Chunk Text is an orchestration component that performs pushdown text chunking using a Python user-defined function (UDF) in Snowflake via the computational power of your Snowflake warehouse. Specify an existing Snowflake source table and set a target table. If the target table already exists, the table will be overwritten.

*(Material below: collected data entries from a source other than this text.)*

lemma bracket_lie_sym_eq_zero:
  assumes "x \<in> lcar L" "m \<in> lcar L" "n \<in> lcar L"
  shows "lbr L x (lie_sym m n) = lzero L"
proof -
  define a where "a = lbr L (lbr L x m) n"
  define b where "b = lbr L (lbr L x n) m"
  have ab: "a \<in> lcar L" "b \<in> lcar L"
    using assms unfolding a_def b_def by auto
  have "lbr L x (lie_sym m n) = ladd L (lbr L x (lbr L m n)) (lbr L x (lbr L n m))"
    using assms by (simp add: bracket_add_right)
  also have "\<dots> = ladd L (ladd L a (lneg L b)) (ladd L b (lneg L a))"
    unfolding a_def b_def using leibniz_identity[OF assms] leibniz_identity[of x n m] assms
    by simp
  also have "\<dots> = ladd L (ladd L a b) (ladd L (lneg L b) (lneg L a))"
    using ab by (simp add: add_add_swap)
  also have "\<dots> = ladd L (ladd L a b) (lneg L (ladd L a b))"
    using ab by (simp add: neg_add_distrib add_commute[of "lneg L a"])
  also have "\<dots> = lzero L"
    using ab by simp
  finally show ?thesis .
qed

lemma bracket_right_derivation:
  assumes "x \<in> lcar L" "m \<in> lcar L" "n \<in> lcar L"
  shows "lbr L (lbr L m n) x = ladd L (lbr L m (lbr L n x)) (lbr L (lbr L m x) n)"
  using assms leibniz_identity[of m n x] by (simp add: add_assoc)

lemma lie_sym_bracket:
  assumes "x \<in> lcar L" "m \<in> lcar L" "n \<in> lcar L"
  shows "lbr L (lie_sym m n) x = ladd L (lie_sym (lbr L m x) n) (lie_sym m (lbr L n x))"
proof -
  define A where "A = lbr L m (lbr L n x)"
  define B where "B = lbr L (lbr L m x) n"
  define C where "C = lbr L n (lbr L m x)"
  define D where "D = lbr L (lbr L n x) m"
  have ABCD: "A \<in> lcar L" "B \<in> lcar L" "C \<in> lcar L" "D \<in> lcar L"
    using assms unfolding A_def B_def C_def D_def by auto
  have "lbr L (lie_sym m n) x = ladd L (ladd L A B) (ladd L C D)"
    unfolding A_def B_def C_def D_def using assms
    by (simp add: bracket_add_left bracket_right_derivation[OF assms]
        bracket_right_derivation[OF assms(1,3,2)])
  also have "\<dots> = ladd L (ladd L B C) (ladd L A D)"
    using ABCD by (simp add: add_add_swap add_commute[of A B])
  finally show ?thesis
    unfolding A_def B_def C_def D_def .
qed

lemma lie_sym_generators_subset:
  "\<lbrakk>M \<subseteq> lcar L; N \<subseteq> lcar L\<rbrakk> \<Longrightarrow> {lie_sym m n |m n. m \<in> M \<and> n \<in> N} \<subseteq> lcar L"
  by (auto simp: subset_iff)

lemma lsubspace_lie_br: "\<lbrakk>M \<subseteq> lcar L; N \<subseteq> lcar L\<rbrakk> \<Longrightarrow> lsubspace L (lie_br L M N)"
  unfolding lie_br_def by (intro lsubspace_lspan lie_sym_generators_subset)

lemma lie_sym_in_lie_br:
  assumes "m \<in> M" "n \<in> N"
  shows "lie_sym m n \<in> lie_br L M N"
proof -
  have "lie_sym m n \<in> {lie_sym m n |m n. m \<in> M \<and> n \<in> N}"
    using assms by blast
  then show ?thesis
    unfolding lie_br_def by (rule subsetD[OF lspan_superset])
qed

lemma lie_br_least:
  assumes "lsubspace L W" and "\<And>m n. \<lbrakk>m \<in> M; n \<in> N\<rbrakk> \<Longrightarrow> lie_sym m n \<in> W"
  shows "lie_br L M N \<subseteq> W"
  unfolding lie_br_def by (rule lspan_least[OF assms(1)]) (use assms(2) in blast)

lemma lie_br_mono:
  assumes "M \<subseteq> M'" "N \<subseteq> N'" "M' \<subseteq> lcar L" "N' \<subseteq> lcar L"
  shows "lie_br L M N \<subseteq> lie_br L M' N'"
proof (rule lie_br_least)
  show "lsubspace L (lie_br L M' N')"
    using assms(3,4) by (rule lsubspace_lie_br)
  show "lie_sym m n \<in> lie_br L M' N'" if "m \<in> M" "n \<in> N" for m n
    using that assms(1,2) by (intro lie_sym_in_lie_br) blast+
qed

lemma lideal_subspace: "lideal L I \<Longrightarrow> lsubspace L I"
  and lideal_subset: "lideal L I \<Longrightarrow> I \<subseteq> lcar L"
  and lideal_bracket_left: "\<lbrakk>lideal L I; x \<in> lcar L; i \<in> I\<rbrakk> \<Longrightarrow> lbr L x i \<in> I"
  and lideal_bracket_right: "\<lbrakk>lideal L I; x \<in> lcar L; i \<in> I\<rbrakk> \<Longrightarrow> lbr L i x \<in> I"
  unfolding lideal_def lsubspace_def by blast+

lemma lideal_lcar: "lideal L (lcar L)"
  unfolding lideal_def using lsubspace_lcar by auto

lemma lideal_lie_br:
  assumes M: "lideal L M" and N: "lideal L N"
  shows "lideal L (lie_br L M N)"
proof -
  have MN: "M \<subseteq> lcar L" "N \<subseteq> lcar L"
    using M N by (simp_all add: lideal_subset)
  let ?W = "lie_br L M N"
  have W: "lsubspace L ?W"
    using MN by (rule lsubspace_lie_br)
  have "lbr L x i \<in> ?W \<and> lbr L i x \<in> ?W" if x: "x \<in> lcar L" and i: "i \<in> ?W" for x i
    using i[unfolded lie_br_def]
  proof (rule lspan_induct)
    show "{lie_sym m n |m n. m \<in> M \<and> n \<in> N} \<subseteq> lcar L"
      using MN by (rule lie_sym_generators_subset)
  next
    fix g assume "g \<in> {lie_sym m n |m n. m \<in> M \<and> n \<in> N}"
    then obtain m n where mn: "m \<in> M" "n \<in> N" and g: "g = lie_sym m n"
      by blast
    have "lbr L x g = lzero L"
      unfolding g using x mn MN by (intro bracket_lie_sym_eq_zero) auto
    moreover have "lbr L g x = ladd L (lie_sym (lbr L m x) n) (lie_sym m (lbr L n x))"
      unfolding g using x mn MN by (intro lie_sym_bracket) auto
    moreover have "lie_sym (lbr L m x) n \<in> ?W" "lie_sym m (lbr L n x) \<in> ?W"
      using M N x mn by (auto intro: lie_sym_in_lie_br lideal_bracket_right)
    ultimately show "lbr L x g \<in> ?W \<and> lbr L g x \<in> ?W"
      using W by (simp add: lsubspace_zero lsubspace_add)
  next
    show "lbr L x (lzero L) \<in> ?W \<and> lbr L (lzero L) x \<in> ?W"
      using W x by (simp add: lsubspace_zero)
  next
    fix y z assume "y \<in> lcar L" "z \<in> lcar L"
      and "lbr L x y \<in> ?W \<and> lbr L y x \<in> ?W" "lbr L x z \<in> ?W \<and> lbr L z x \<in> ?W"
    then show "lbr L x (ladd L y z) \<in> ?W \<and> lbr L (ladd L y z) x \<in> ?W"
      using W x by (simp add: bracket_add_left bracket_add_right lsubspace_add)
  next
    fix a y assume "y \<in> lcar L" "lbr L x y \<in> ?W \<and> lbr L y x \<in> ?W"
    then show "lbr L x (lsmul L a y) \<in> ?W \<and> lbr L (lsmul L a y) x \<in> ?W"
      using W x by (simp add: bracket_smul_left bracket_smul_right lsubspace_smul)
  qed
  with W show ?thesis
    unfolding lideal_def by blast
qed

lemma lie_br_subset_left: "\<lbrakk>lideal L M; N \<subseteq> lcar L\<rbrakk> \<Longrightarrow> lie_br L M N \<subseteq> M"
  by (rule lie_br_least)
    (auto intro: lideal_subspace lsubspace_add lideal_bracket_left lideal_bracket_right)

lemma lie_br_subset_right: "\<lbrakk>lideal L N; M \<subseteq> lcar L\<rbrakk> \<Longrightarrow> lie_br L M N \<subseteq> N"
  by (rule lie_br_least)
    (auto intro: lideal_subspace lsubspace_add lideal_bracket_left lideal_bracket_right)

lemma lideal_lie_lcs: "lideal L (lie_lcs L i)"
proof -
  have "lideal L (lcs0 L n)" for n
    by (induction n) (simp_all add: lideal_lcar lideal_lie_br)
  then show ?thesis
    unfolding lie_lcs_def .
qed

lemma lie_lcs_antimono:
  assumes "i \<le> j"
  shows "lie_lcs L j \<subseteq> lie_lcs L i"
proof -
  have decreasing: "lcs0 L (Suc n) \<subseteq> lcs0 L n" for n
    using lie_br_subset_left[OF lideal_lie_lcs[of "Suc n"]] by (simp add: lie_lcs_def)
  have "lcs0 L n \<subseteq> lcs0 L m" if "m \<le> n" for m n
    using that
  proof (induction n rule: dec_induct)
    case (step n)
    with decreasing[of n] show ?case
      by blast
  qed simp
  with assms show ?thesis
    unfolding lie_lcs_def by simp
qed

lemma quot_alg_lcar: "lcar (quot_alg L I) = lcoset L I ` lcar L"
  by (simp add: quot_alg_def lquot_def)

lemma quot_alg_lzero: "lzero (quot_alg L I) = lcoset L I (lzero L)"
  by (simp add: quot_alg_def)

lemma quot_alg_ladd:
  assumes I: "lsubspace L I" and a: "a \<in> lcar L" and b: "b \<in> lcar L"
  shows "ladd (quot_alg L I) (lcoset L I a) (lcoset L I b) = lcoset L I (ladd L a b)"
proof -
  obtain i where i: "i \<in> I" "(SOME z. z \<in> lcoset L I a) = ladd L a i"
    using I a by (rule some_in_lcoset)
  obtain j where j: "j \<in> I" "(SOME z. z \<in> lcoset L I b) = ladd L b j"
    using I b by (rule some_in_lcoset)
  have ij: "i \<in> lcar L" "j \<in> lcar L"
    using i j I by (auto dest: lsubspace_subset)
  have "ladd (quot_alg L I) (lcoset L I a) (lcoset L I b) =
    lcoset L I (ladd L (ladd L a b) (ladd L i j))"
    by (simp add: quot_alg_def i(2) j(2) add_add_swap a b ij)
  also have "\<dots> = lcoset L I (ladd L a b)"
    using I a b i j by (simp add: lcoset_add_absorb lsubspace_add)
  finally show ?thesis .
qed

lemma quot_alg_lneg:
  assumes I: "lsubspace L I" and a: "a \<in> lcar L"
  shows "lneg (quot_alg L I) (lcoset L I a) = lcoset L I (lneg L a)"
proof -
  obtain i where i: "i \<in> I" "(SOME z. z \<in> lcoset L I a) = ladd L a i"
    using I a by (rule some_in_lcoset)
  have ic: "i \<in> lcar L"
    using i I by (auto dest: lsubspace_subset)
  have "lneg (quot_alg L I) (lcoset L I a) = lcoset L I (ladd L (lneg L a) (lneg L i))"
    by (simp add: quot_alg_def i(2) neg_add_distrib a ic)
  also have "\<dots> = lcoset L I (lneg L a)"
    using I a i by (simp add: lcoset_add_absorb lsubspace_neg)
  finally show ?thesis .
qed

lemma quot_alg_lsmul:
  assumes I: "lsubspace L I" and a: "a \<in> lcar L"
  shows "lsmul (quot_alg L I) c (lcoset L I a) = lcoset L I (lsmul L c a)"
proof -
  obtain i where i: "i \<in> I" "(SOME z. z \<in> lcoset L I a) = ladd L a i"
    using I a by (rule some_in_lcoset)
  have ic: "i \<in> lcar L"
    using i I by (auto dest: lsubspace_subset)
  have "lsmul (quot_alg L I) c (lcoset L I a) = lcoset L I (ladd L (lsmul L c a) (lsmul L c i))"
    by (simp add: quot_alg_def i(2) smul_add a ic)
  also have "\<dots> = lcoset L I (lsmul L c a)"
    using I a i by (simp add: lcoset_add_absorb lsubspace_smul)
  finally show ?thesis .
qed

lemma quot_alg_lbr:
  assumes I: "lideal L I" and a: "a \<in> lcar L" and b: "b \<in> lcar L"
  shows "lbr (quot_alg L I) (lcoset L I a) (lcoset L I b) = lcoset L I (lbr L a b)"
proof -
  have Is: "lsubspace L I"
    using I by (rule lideal_subspace)
  obtain i where i: "i \<in> I" "(SOME z. z \<in> lcoset L I a) = ladd L a i"
    using Is a by (rule some_in_lcoset)
  obtain j where j: "j \<in> I" "(SOME z. z \<in> lcoset L I b) = ladd L b j"
    using Is b by (rule some_in_lcoset)
  have ij: "i \<in> lcar L" "j \<in> lcar L"
    using i j Is by (auto dest: lsubspace_subset)
  have "lbr (quot_alg L I) (lcoset L I a) (lcoset L I b) =
    lcoset L I (lbr L (ladd L a i) (ladd L b j))"
    by (simp add: quot_alg_def i(2) j(2))
  also have "lbr L (ladd L a i) (ladd L b j) =
    ladd L (lbr L a b) (ladd L (lbr L a j) (lbr L i (ladd L b j)))"
    using a b ij by (simp add: bracket_add_left bracket_add_right add_assoc add_left_commute[of "lbr L i b"])
  also have "lcoset L I \<dots> = lcoset L I (lbr L a b)"
    using Is I a b i j ij
    by (simp add: lcoset_add_absorb lsubspace_add lideal_bracket_left lideal_bracket_right)
  finally show ?thesis .
qed

lemma leibniz_algebra_quot_alg:
  assumes I: "lideal L I"
  shows "leibniz_algebra (quot_alg L I)"
proof -
  have Is: "lsubspace L I"
    using I by (rule lideal_subspace)
  note quot = quot_alg_ladd[OF Is] quot_alg_lneg[OF Is] quot_alg_lsmul[OF Is] quot_alg_lbr[OF I]
  have ball_image: "(\<forall>X\<in>f ` A. P X) \<longleftrightarrow> (\<forall>x\<in>A. P (f x))" for f :: "'v \<Rightarrow> 'v set" and A P
    by blast
  show ?thesis
    unfolding leibniz_algebra_def quot_alg_lcar quot_alg_lzero ball_image
    apply (intro conjI allI)
    subgoal by (rule imageI) simp
    subgoal by (auto simp: quot)
    subgoal by (auto simp: quot)
    subgoal by (auto simp: quot)
    subgoal by (auto simp: quot)
    subgoal by (simp add: quot add_assoc)
    subgoal by (simp add: quot add_commute)
    subgoal by (simp add: quot)
    subgoal by (simp add: quot)
    subgoal by (simp add: quot smul_add_scalar)
    subgoal by (simp add: quot smul_add)
    subgoal by (simp add: quot smul_smul)
    subgoal by (simp add: quot)
    subgoal by (simp add: quot bracket_add_left)
    subgoal by (simp add: quot bracket_add_right)
    subgoal by (simp add: quot bracket_smul_left)
    subgoal by (simp add: quot bracket_smul_right)
    subgoal by (simp add: quot leibniz_identity)
    done
qed

lemma leib_hom_lcoset:
  assumes I: "lideal L I"
  shows "leib_hom L (quot_alg L I) (lcoset L I)"
  using lideal_subspace[OF I]
  unfolding leib_hom_def quot_alg_lcar by (simp add: quot_alg_ladd quot_alg_lsmul quot_alg_lbr[OF I])


end

lemma lie_lcs_Suc: "1 \<le> i \<Longrightarrow> lie_lcs L (Suc i) = lie_br L (lie_lcs L i) (lcar L)"
  unfolding lie_lcs_def by (cases i) simp_all


lemma leib_hom_comp:
  assumes f: "leib_hom L M f" and g: "leib_hom M N g"
  shows "leib_hom L N (\<lambda>x. g (f x))"
proof -
  have "f x \<in> lcar M" if "x \<in> lcar L" for x
    using f that unfolding leib_hom_def by blast
  with f g show ?thesis
    unfolding leib_hom_def by (auto simp: image_subset_iff)
qed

You can choose text or Markdown as your data format.

***

## Properties

<ResponseField name="Name" type="string" required>
  A human-readable name for the component.
</ResponseField>

{/* <!-- param-start:[source.database] | warehouses: [snowflake] --> */}

<ResponseField name="Database" type="drop-down" required>
  The Snowflake *source* database. The special value `[Environment Default]` uses the database defined in the environment. Read [Databases, Tables and Views - Overview](https://docs.snowflake.com/en/guides-overview-db) to learn more.
</ResponseField>

{/* <!-- param-start:[source.schema] | warehouses: [snowflake] --> */}

<ResponseField name="Schema" type="drop-down" required>
  The Snowflake *source* schema. The special value `[Environment Default]` uses the schema defined in the environment. Read [Database, Schema, and Share DDL](https://docs.snowflake.com/en/sql-reference/ddl-database.html) to learn more.
</ResponseField>

{/* <!-- param-start:[source.table] | warehouses: [snowflake] --> */}

<ResponseField name="Table" type="drop-down" required>
  An existing Snowflake table to use as the input. The tables available will depend on the schema you select.
</ResponseField>

{/* <!-- param-start:[source.textColumn] | warehouses: [snowflake] --> */}

<ResponseField name="Text Column" type="drop-down" required>
  The column in your table that holds the text data you wish to chunk.
</ResponseField>

{/* <!-- param-start:[source.includeInputColumns] | warehouses: [snowflake] --> */}

<ResponseField name="Include Input Columns" type="dual listbox">
  Select any other input columns that you wish to include in the output table.
</ResponseField>

{/* <!-- param-start:[configuration.dataFormat] | warehouses: [snowflake] --> */}

<ResponseField name="Data Format" type="boolean" required>
  The format of the text to chunk.

  * **Text:** Your text data is chunked using a recursive character splitting method.
  * **Markdown:** Your text data is chunked using a header splitting method.
  * **HTML:** Your text data is chunked using a header splitting method.

  <Note>
    If your text data is Markdown, you can still set this parameter to **Text**.
  </Note>
</ResponseField>

<Tabs>
  <Tab title="Text">
    {/* <!-- param-start:[configuration.text.chunkingMethod] | warehouses: [snowflake] --> */}

    <ResponseField name="Chunking Method" type="drop-down" required>
      Currently supports [recursive character splitting](https://python.langchain.com/v0.1/docs/modules/data_connection/document_transformers/recursive_text_splitter/).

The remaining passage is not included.